Review by Basic Manufacturer:

Comments solicited: November, 1992
Comments received:

REFERENCES

  1. Agency for Toxic Substances and Disease Registry. 1989. Toxicological Profile for Heptachlor/Heptachlor Epoxide, ATSDR/TP-88/16. ATSDR, US. Public Health Service, Washington, DC.
  2. Hayes, W.J. and E.R. Laws (ed.). 1990. Handbook of Pesticide Toxicology, Vol. 3, Classes of Pesticides. Academic Press, Inc., NY.
  3. Howard, P.H. 1989. Handbook of Environmental Fate and Exposure Data for Organic Chemicals, Vol. 3, Pesticides. Lewis Publishers, Inc., Chelsea, MI.
  4. Tucker, R. 1970. Handbook of toxicity of pesticides to wildlife. USDI Fish & Wildlife Service.

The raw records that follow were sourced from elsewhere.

lemma p4_obj_raise_nu:
  "p4_obj P eps (raise_nu p) = p4_obj P eps p
     + (\<Sum>e\<in>Es P. \<Sum>t\<in>Ts P. \<Sum>l\<in>Ls P. (max (vnu p l e t) 0 - vnu p l e t) * vrho p l e t) / real (nL P)"
  unfolding p4_obj_def raise_nu_def
  by (simp add: left_diff_distrib sum_subtractf diff_divide_distrib algebra_simps)

definition theta_of :: "pt4 \<Rightarrow> nat \<Rightarrow> nat \<Rightarrow> nat \<Rightarrow> real" where
  "theta_of p = (\<lambda>l e t. sqrt (vnu p l e t * vrho p l e t))"

lemma p4'_obj_le_p4_obj:
  assumes "p4'_feas P om r0 kp q"
  shows "p4'_obj P eps q \<le> p4_obj P eps (fst q)"
proof -
  have "(\<Sum>e\<in>Es P. \<Sum>t\<in>Ts P. \<Sum>l\<in>Ls P. (snd q l e t)\<^sup>2)
      \<le> (\<Sum>e\<in>Es P. \<Sum>t\<in>Ts P. \<Sum>l\<in>Ls P. vnu (fst q) l e t * vrho (fst q) l e t)"
    using assms unfolding p4'_feas_def by (intro sum_mono) auto
  then show ?thesis
    unfolding p4'_obj_def p4_obj_def by (simp add: divide_right_mono)
qed

context traffic_network
begin

text \<open>Where \<nu> < 0 the raised \<mu> equals -u/T < 0, so its dual constraint holds trivially.\<close>

lemma p4_feas_raise_nu:
  assumes "p4_feas P om r0 kp p"
  shows "p4_feas P om r0 kp (raise_nu p)"
  unfolding raise_nu_def
proof (rule p4_feas_update_dual[OF assms])
  fix l e t assume idx: "l \<in> Ls P" "e \<in> Es P" "t \<in> Ts P"
  note dual = p4_feas_dual_constraints[OF assms idx]
  have "0 \<le> (uOf P (vx p) e t * (rbar P e - fbar P e / ubar P e) + fbar P e) * veta p l e t"
    using p4_feas_uOf_pos[OF assms idx(2,3)] rbar_minus_fbar_div_ubar_nonneg[OF idx(2)] cells[OF idx(2)] dual(3)
    by simp
  moreover have "0 < uOf P (vx p) e t / real (nT P)"
    using p4_feas_uOf_pos[OF assms idx(2,3)] dims(2) by simp
  ultimately show "vmu p l e t + max 0 (- vnu p l e t)
        \<le> (uOf P (vx p) e t * (rbar P e - fbar P e / ubar P e) + fbar P e) * veta p l e t \<and>
      max (vnu p l e t) 0 = vmu p l e t + max 0 (- vnu p l e t) + uOf P (vx p) e t / real (nT P) \<and>
      \<bar>max (vnu p l e t) 0\<bar> \<le> vlam p"
    using dual(1,2,4) by (auto simp: max_def)
qed

lemma p4_obj_le_raise_nu:
  assumes "p4_feas P om r0 kp p"
  shows "p4_obj P eps p \<le> p4_obj P eps (raise_nu p)"
  unfolding p4_obj_raise_nu using p4_feas_rho_nonneg[OF assms]
  by (simp add: sum_nonneg mult_nonneg_nonneg)

lemma p4_opt_nu_nonneg:
  assumes opt: "p \<in> p4_opt P eps om r0 kp"
    and rho_pos: "\<forall>l\<in>Ls P. \<forall>e\<in>Es P. \<forall>t\<in>Ts P. 0 < vrho p l e t"
    and idx: "l \<in> Ls P" "e \<in> Es P" "t \<in> Ts P"
  shows "0 \<le> vnu p l e t"
proof (rule ccontr)
  assume "\<not> 0 \<le> vnu p l e t"
  have feas: "p4_feas P om r0 kp p"
    using opt by (simp add: p4_opt_def)
  let ?gain = "\<lambda>l e t. (max (vnu p l e t) 0 - vnu p l e t) * vrho p l e t"
  have gain_nonneg: "0 \<le> ?gain l e t" if "l \<in> Ls P" "e \<in> Es P" "t \<in> Ts P" for l e t
    using p4_feas_rho_nonneg[OF feas that] by simp
  have "0 < ?gain l e t"
    using \<open>\<not> 0 \<le> vnu p l e t\<close> rho_pos idx by (simp add: mult_neg_pos)
  then have "0 < (\<Sum>l\<in>Ls P. ?gain l e t)"
    using idx gain_nonneg by (intro sum_pos2[OF _ idx(1)]) auto
  then have "0 < (\<Sum>t\<in>Ts P. \<Sum>l\<in>Ls P. ?gain l e t)"
    using idx gain_nonneg by (intro sum_pos2[OF _ idx(3)]) (auto intro!: sum_nonneg)
  then have "0 < (\<Sum>e\<in>Es P. \<Sum>t\<in>Ts P. \<Sum>l\<in>Ls P. ?gain l e t)"
    using idx gain_nonneg by (intro sum_pos2[OF _ idx(2)]) (auto intro!: sum_nonneg)
  then have "p4_obj P eps p < p4_obj P eps (raise_nu p)"
    unfolding p4_obj_raise_nu using dims(3) by simp
  with opt p4_feas_raise_nu[OF feas] show False
    by (simp add: p4_opt_def not_le[symmetric])
qed

lemma p4'_feas_theta_of:
  assumes "p4_feas P om r0 kp p" and "\<forall>l\<in>Ls P. \<forall>e\<in>Es P. \<forall>t\<in>Ts P. 0 \<le> vnu p l e t"
  shows "p4'_feas P om r0 kp (p, theta_of p)"
  using assms p4_feas_rho_nonneg[OF assms(1)] unfolding p4'_feas_def theta_of_def by simp

lemma p4'_obj_theta_of:
  assumes "p4_feas P om r0 kp p" and "\<forall>l\<in>Ls P. \<forall>e\<in>Es P. \<forall>t\<in>Ts P. 0 \<le> vnu p l e t"
  shows "p4'_obj P eps (p, theta_of p) = p4_obj P eps p"
proof -
  have "(\<Sum>e\<in>Es P. \<Sum>t\<in>Ts P. \<Sum>l\<in>Ls P. (theta_of p l e t)\<^sup>2)
      = (\<Sum>e\<in>Es P. \<Sum>t\<in>Ts P. \<Sum>l\<in>Ls P. vnu p l e t * vrho p l e t)"
    using assms p4_feas_rho_nonneg[OF assms(1)] by (intro sum.cong refl) (simp add: theta_of_def)
  then show ?thesis
    unfolding p4'_obj_def p4_obj_def by simp
qed

lemma p4_p4'_equivalent:
  assumes "\<forall>p\<in>p4_opt P eps om r0 kp. \<forall>l\<in>Ls P. \<forall>e\<in>Es P. \<forall>t\<in>Ts P. 0 < vrho p l e t"
  shows "(SUP p\<in>{p. p4_feas P om r0 kp p}. ereal (p4_obj P eps p))
          = (SUP q\<in>{q. p4'_feas P om r0 kp q}. ereal (p4'_obj P eps q))"
    and "p4_opt P eps om r0 kp = fst ` p4'_opt P eps om r0 kp"
proof -
  have raised_nu_nonneg: "\<forall>l\<in>Ls P. \<forall>e\<in>Es P. \<forall>t\<in>Ts P. 0 \<le> vnu (raise_nu p) l e t" for p
    by (simp add: raise_nu_def)
  have proj: "p4_feas P om r0 kp (fst q) \<and> p4'_obj P eps q \<le> p4_obj P eps (fst q)"
    if "p4'_feas P om r0 kp q" for q
    using that p4'_obj_le_p4_obj[OF that] by (simp add: p4'_feas_def)
  have lift: "\<exists>q. p4'_feas P om r0 kp q \<and> p4_obj P eps p \<le> p4'_obj P eps q"
    if "p4_feas P om r0 kp p" for p
    using p4'_feas_theta_of[OF p4_feas_raise_nu[OF that] raised_nu_nonneg]
      p4'_obj_theta_of[OF p4_feas_raise_nu[OF that] raised_nu_nonneg] p4_obj_le_raise_nu[OF that]
    by (intro exI[where x="(raise_nu p, theta_of (raise_nu p))"]) simp
  have lift_opt: "\<exists>b. p4'_feas P om r0 kp (p, b) \<and> p4'_obj P eps (p, b) = p4_obj P eps p"
    if "p4_feas P om r0 kp p" "\<forall>p'. p4_feas P om r0 kp p' \<longrightarrow> p4_obj P eps p' \<le> p4_obj P eps p" for p
  proof -
    have "p \<in> p4_opt P eps om r0 kp"
      using that by (simp add: p4_opt_def)
    then have "\<forall>l\<in>Ls P. \<forall>e\<in>Es P. \<forall>t\<in>Ts P. 0 \<le> vnu p l e t"
      using assms p4_opt_nu_nonneg by blast
    then show ?thesis
      using p4'_feas_theta_of p4'_obj_theta_of that(1) by blast
  qed
  show "(SUP p\<in>{p. p4_feas P om r0 kp p}. ereal (p4_obj P eps p))
          = (SUP q\<in>{q. p4'_feas P om r0 kp q}. ereal (p4'_obj P eps q))"
    by (rule relaxation_equivalence(1)[OF proj lift lift_opt])
  show "p4_opt P eps om r0 kp = fst ` p4'_opt P eps om r0 kp"
    unfolding p4_opt_def p4'_opt_def by (rule relaxation_equivalence(2)[OF proj lift lift_opt])
qed

end

section \<open>The sample-average bound\<close>

lemma p4_feas_rho_eq_traj:
  assumes feas: "p4_feas P om r0 kp p" and u: "\<forall>e\<in>Es P. \<forall>t\<in>Ts P. uOf P (vx p) e t = u e t"
    and l: "l \<in> Ls P"
  shows "t \<in> Ts P \<Longrightarrow> e \<in> Es P \<Longrightarrow> vrho p l e t = traj P u (om l) (r0 l) (kp l) e t"
proof (induction t arbitrary: e)
  case 0
  then show ?case
    using p4_feas_dynamics(1)[OF feas l] by simp
next
  case (Suc t)
  have t: "t \<in> Ts P"
    using Suc.prems(1) by (simp add: Ts_def)
  have "e - 1 \<in> Es P" if "e \<noteq> 1"
    using Suc.prems(2) that by (auto simp: Es_def)
  then show ?case
    using p4_feas_dynamics(2)[OF feas l Suc.prems(2) t] Suc.IH[OF t] Suc.prems(2) u t by auto
qed

lemma rhoc_identity:
  assumes "0 < fbar P e" "fbar P e < ubar P e * rbar P e" "0 < ubar P e" "0 \<le> v"
  shows "(v * (rbar P e - fbar P e / ubar P e) + fbar P e) * rhoc P e v = fbar P e * rbar P e"
proof -
  define f r u D where "f = fbar P e" and "r = rbar P e" and "u = ubar P e" and "D = u * r - f"
  have D: "0 < D" and den: "0 < f * u + v * D"
    using assms by (simp_all add: D_def f_def r_def u_def add_pos_nonneg)
  have "rhoc P e v = (f / D * r * u) / ((f * u + v * D) / D)"
    using D unfolding rhoc_def tau_def f_def r_def u_def D_def by (simp add: field_simps)
  also have "\<dots> = f * r * u / (f * u + v * D)"
    using D by simp
  finally have "rhoc P e v = f * r * u / (f * u + v * D)" .
  moreover have "v * (r - f / u) + f = (f * u + v * D) / u"
    using assms(3) by (simp add: D_def u_def field_simps)
  ultimately show ?thesis
    using den assms(3) by (simp add: f_def r_def u_def)
qed

lemma dual_coordinate_bound:
  fixes \<xi> \<zeta> c lam \<nu> \<mu> a K \<eta> :: real
  assumes "0 \<le> \<xi>" "\<xi> \<le> c" "\<bar>\<nu>\<bar> \<le> lam" "\<nu> = \<mu> + a" "\<mu> \<le> K * \<eta>" "0 \<le> \<eta>" "0 \<le> K"
  shows "\<nu> * \<zeta> - K * c * \<eta> \<le> a * \<xi> + lam * \<bar>\<xi> - \<zeta>\<bar>"
proof -
  have "\<nu> * (\<zeta> - \<xi>) \<le> \<bar>\<nu>\<bar> * \<bar>\<xi> - \<zeta>\<bar>"
    by (metis abs_ge_self abs_minus_commute abs_mult)
  also have "\<dots> \<le> lam * \<bar>\<xi> - \<zeta>\<bar>"
    using assms(3) by (rule mult_right_mono) simp
  finally have transport: "\<nu> * (\<zeta> - \<xi>) \<le> lam * \<bar>\<xi> - \<zeta>\<bar>" .
  have "\<mu> * \<xi> \<le> K * c * \<eta>"
  proof (cases "\<mu> \<le> 0")
    case True
    then have "\<mu> * \<xi> \<le> 0"
      using assms(1) by (rule mult_nonpos_nonneg)
    also have "0 \<le> K * c * \<eta>"
      using assms(1,2,6,7) by simp
    finally show ?thesis .
  next
    case False
    then have "\<mu> * \<xi> \<le> \<mu> * c"
      using assms(2) by simp
    also have "\<dots> \<le> K * \<eta> * c"
      using assms(1,2,5) by (intro mult_right_mono) auto
    finally show ?thesis
      by (simp add: algebra_simps)
  qed
  with transport show ?thesis
    using assms(4) by (simp add: algebra_simps)
qed

context traffic_network
begin

lemma p4_feas_sample_bound:
  assumes feas: "p4_feas P om r0 kp p" and u: "\<forall>e\<in>Es P. \<forall>t\<in>Ts P. uOf P (vx p) e t = u e t"
    and l: "l \<in> Ls P" and \<xi>: "\<xi> \<in> supp_set P u"
  shows "(\<Sum>e\<in>Es P. \<Sum>t\<in>Ts P. vnu p l e t * vrho p l e t - fbar P e * rbar P e * veta p l e t)
    \<le> Hf P u \<xi> + vlam p * norm1 P (\<lambda>e t. \<xi> e t - trajw P u (om l) (r0 l) (kp l) e t)"
proof -
  have "Hf P u \<xi> + vlam p * norm1 P (\<lambda>e t. \<xi> e t - trajw P u (om l) (r0 l) (kp l) e t)
      = (\<Sum>e\<in>Es P. \<Sum>t\<in>Ts P. u e t / real (nT P) * \<xi> e t + vlam p * \<bar>\<xi> e t - vrho p l e t\<bar>)"
    using p4_feas_rho_eq_traj[OF feas u l]
    unfolding Hf_def norm1_def trajw_def by (simp add: sum_distrib_left sum.distrib algebra_simps)
  moreover have "vnu p l e t * vrho p l e t - fbar P e * rbar P e * veta p l e t
      \<le> u e t / real (nT P) * \<xi> e t + vlam p * \<bar>\<xi> e t - vrho p l e t\<bar>"
    if e: "e \<in> Es P" and t: "t \<in> Ts P" for e t
  proof -
    note dual = p4_feas_dual_constraints[OF feas l e t]
    have u_pos: "0 < u e t"
      using p4_feas_uOf_pos[OF feas e t] u e t by simp
    have "(u e t * (rbar P e - fbar P e / ubar P e) + fbar P e) * rhoc P e (u e t) = fbar P e * rbar P e"
      using cells[OF e] u_pos by (intro rhoc_identity) auto
    moreover have "vnu p l e t * vrho p l e t
        - (u e t * (rbar P e - fbar P e / ubar P e) + fbar P e) * rhoc P e (u e t) * veta p l e t
        \<le> u e t / real (nT P) * \<xi> e t + vlam p * \<bar>\<xi> e t - vrho p l e t\<bar>"
    proof (rule dual_coordinate_bound)
      show "0 \<le> \<xi> e t" "\<xi> e t \<le> rhoc P e (u e t)"
        using \<xi> e t by (auto simp: supp_set_def)
      show "0 \<le> u e t * (rbar P e - fbar P e / ubar P e) + fbar P e"
        using u_pos rbar_minus_fbar_div_ubar_nonneg[OF e] cells[OF e] by simp
    qed (use dual u e t in auto)
    ultimately show ?thesis
      by (simp add: mult.assoc)
  qed
  ultimately show ?thesis
    by (simp add: sum_mono)
qed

  5. Worthing, C.R. (ed.). 1987. The pesticide manual: A world compendium. 8th Ed. The British Crop Protection Council. Croydon, England.

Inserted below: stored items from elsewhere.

lemma L_star_upper_cutoff:
  fixes \<alpha> C :: real
  assumes "\<alpha> > 1" and "C \<ge> 0" and "K \<ge> 1" and "M \<ge> 1" and M: "(\<alpha> + 1) * real M \<le> real N"
    and p: "p \<in> task_simplex K" and upper: "\<forall>k\<in>{1..K}. p k \<le> C * real k powr (-\<alpha>)"
  shows "L_star N K p \<le> C * (exp (-1) + 1 / (\<alpha> - 1)) * real M powr (1 - \<alpha>)"
proof -
  have "0 < (\<alpha> + 1) * real M"
    using assms by simp
  then have "real N > 0"
    using M by linarith
  define h where "h k = (if k \<le> M then (\<alpha> * ln (real M / real k) + 1) / real N else 0)" for k
  define q where "q k = h k + (if k = 1 then 1 - (\<Sum>j=1..K. h j) else 0)" for k
  have h_nonneg: "0 \<le> h k" if "k \<ge> 1" for k
    using that assms \<open>real N > 0\<close> by (simp add: h_def)
  have "(\<Sum>k=1..K. h k) \<le> (\<Sum>k=1..max K M. h k)"
    using h_nonneg by (intro sum_mono2) auto
  also have "\<dots> = (\<Sum>k=1..M. h k)"
    by (intro sum.mono_neutral_right) (auto simp: h_def)
  also have "\<dots> = (\<alpha> * (\<Sum>k=1..M. ln (real M / real k)) + real M) / real N"
    by (simp add: h_def sum_divide_distrib[symmetric] sum.distrib sum_distrib_left)
  also have "\<dots> \<le> (\<alpha> * real M + real M) / real N"
    using sum_ln_div_le[of M] assms \<open>real N > 0\<close>
    by (intro divide_right_mono add_mono mult_left_mono) auto
  also have "\<dots> \<le> 1"
    using M \<open>real N > 0\<close> by (simp add: algebra_simps)
  finally have h_sum: "(\<Sum>k=1..K. h k) \<le> 1" .
  then have "q \<in> task_simplex K"
    unfolding q_def using assms h_nonneg by (intro task_simplex_top_up) auto
  have "L_star N K p \<le> L N K p q"
    using task_simplex_bounds(1)[OF p] \<open>q \<in> task_simplex K\<close> by (intro L_star_le) auto
  also have "\<dots> \<le> real M * (C * exp (-1) * real M powr (-\<alpha>))
      + C * (real M powr (1 - \<alpha>) / (\<alpha> - 1))"
    unfolding L_def
  proof (rule sum_le_head_powr_tail)
    fix k assume k: "k \<in> {1..K}"
    have p_k: "0 \<le> p k" "p k \<le> C * real k powr (-\<alpha>)"
      using task_simplex_bounds[OF p k] upper k by auto
    have "h k \<le> q k"
      unfolding q_def using h_sum by simp
    have "p k * (1 - q k) ^ N \<le> p k * exp (- real N * q k)"
      using task_simplex_bounds[OF \<open>q \<in> task_simplex K\<close> k] p_k
      by (intro mult_left_mono one_minus_power_le_exp) auto
    also have "\<dots> \<le> p k * exp (- real N * h k)"
      using \<open>h k \<le> q k\<close> \<open>real N > 0\<close> p_k by (intro mult_left_mono) auto
    finally have decay: "p k * (1 - q k) ^ N \<le> p k * exp (- real N * h k)" .
    show "p k * (1 - q k) ^ N \<le> C * exp (-1) * real M powr (-\<alpha>)" if "k \<le> M"
    proof -
      have "- real N * h k = -1 + (-\<alpha>) * ln (real M / real k)"
        using that \<open>real N > 0\<close> by (simp add: h_def field_simps)
      then have exp_h: "exp (- real N * h k) = exp (-1) * (real M / real k) powr (-\<alpha>)"
        using that k by (simp add: powr_def mult_exp_exp)
      have "p k * exp (- real N * h k)
          \<le> C * real k powr (-\<alpha>) * (exp (-1) * (real M / real k) powr (-\<alpha>))"
        unfolding exp_h using p_k by (intro mult_right_mono) auto
      also have "\<dots> = C * exp (-1) * real M powr (-\<alpha>)"
        using k by (simp add: powr_divide)
      finally show ?thesis
        using decay by linarith
    qed
    show "p k * (1 - q k) ^ N \<le> C * real k powr (-\<alpha>)" if "M < k"
      using decay that p_k by (simp add: h_def)
  qed (use assms in auto)
  also have "\<dots> = C * (exp (-1) + 1 / (\<alpha> - 1)) * real M powr (1 - \<alpha>)"
    using powr_mult_base[of "real M" "-\<alpha>"] by (simp add: algebra_simps)
  finally show ?thesis .
qed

  6. Hayes, Wayland, Jr. 1982. Pesticides studied in man. Baltimore, MD: Williams & Wilkins.
  7. Meister, R.T. (ed.). 1992. Farm Chemicals Handbook '92. Meister Publishing Company, Willoughby, OH.
  8. Hartley, D. and H. Kidd, (eds.) 1983. The agrochemicals handbook. Nottingham, England: Royal Society of Chemistry.
  9. US EPA. 1990 (Feb.). Suspended, Canceled, and Restricted Use Pesticides. Office of Compliance Monitoring, Office of Pesticides and Toxic Substances, US EPA, Washington, DC.
  10. World Health Organization. 1984. Environmental Health Criteria 38: Heptachlor. WHO, Geneva, Switzerland.
  11. Occupational Health Services, Inc. 1991 (March 19). MSDS for Heptachlor. OHS, INc., Secaucus, NJ.
  12. Sax, N.I. 1975. Dangerous properties of industrial materials. 4th Ed. New York: Van Nostrand Reinhold Co.
  13. Hallenbeck, W.H. & K.M. Cunningham-Burns. 1985. Pesticides and human health. New York: Springer-Verlag.
  14. TOXNET. 1985. National library of medicine's toxicology data network. Hazardous Substances Databank. Public Health Service. National Institute of Healtyh. U.S. Department of Health and Human Services. Bethesda, MD: NLM.
  15. Gosselin, R.E. 1984. Clinical toxicology of commercial products. 5th Ed. Baltimore, MD: Williams & Wilkins.
  16. Windholz, M. (ed.) 1976. The Merck Index: an encyclopedia of chemicals and drugs. 9th Ed. Rahway, NJ: Merck.
  17. Sunshine, I. 1969. Handbook of analytical toxicology. Cleveland, OH: Chemical Rubber Co.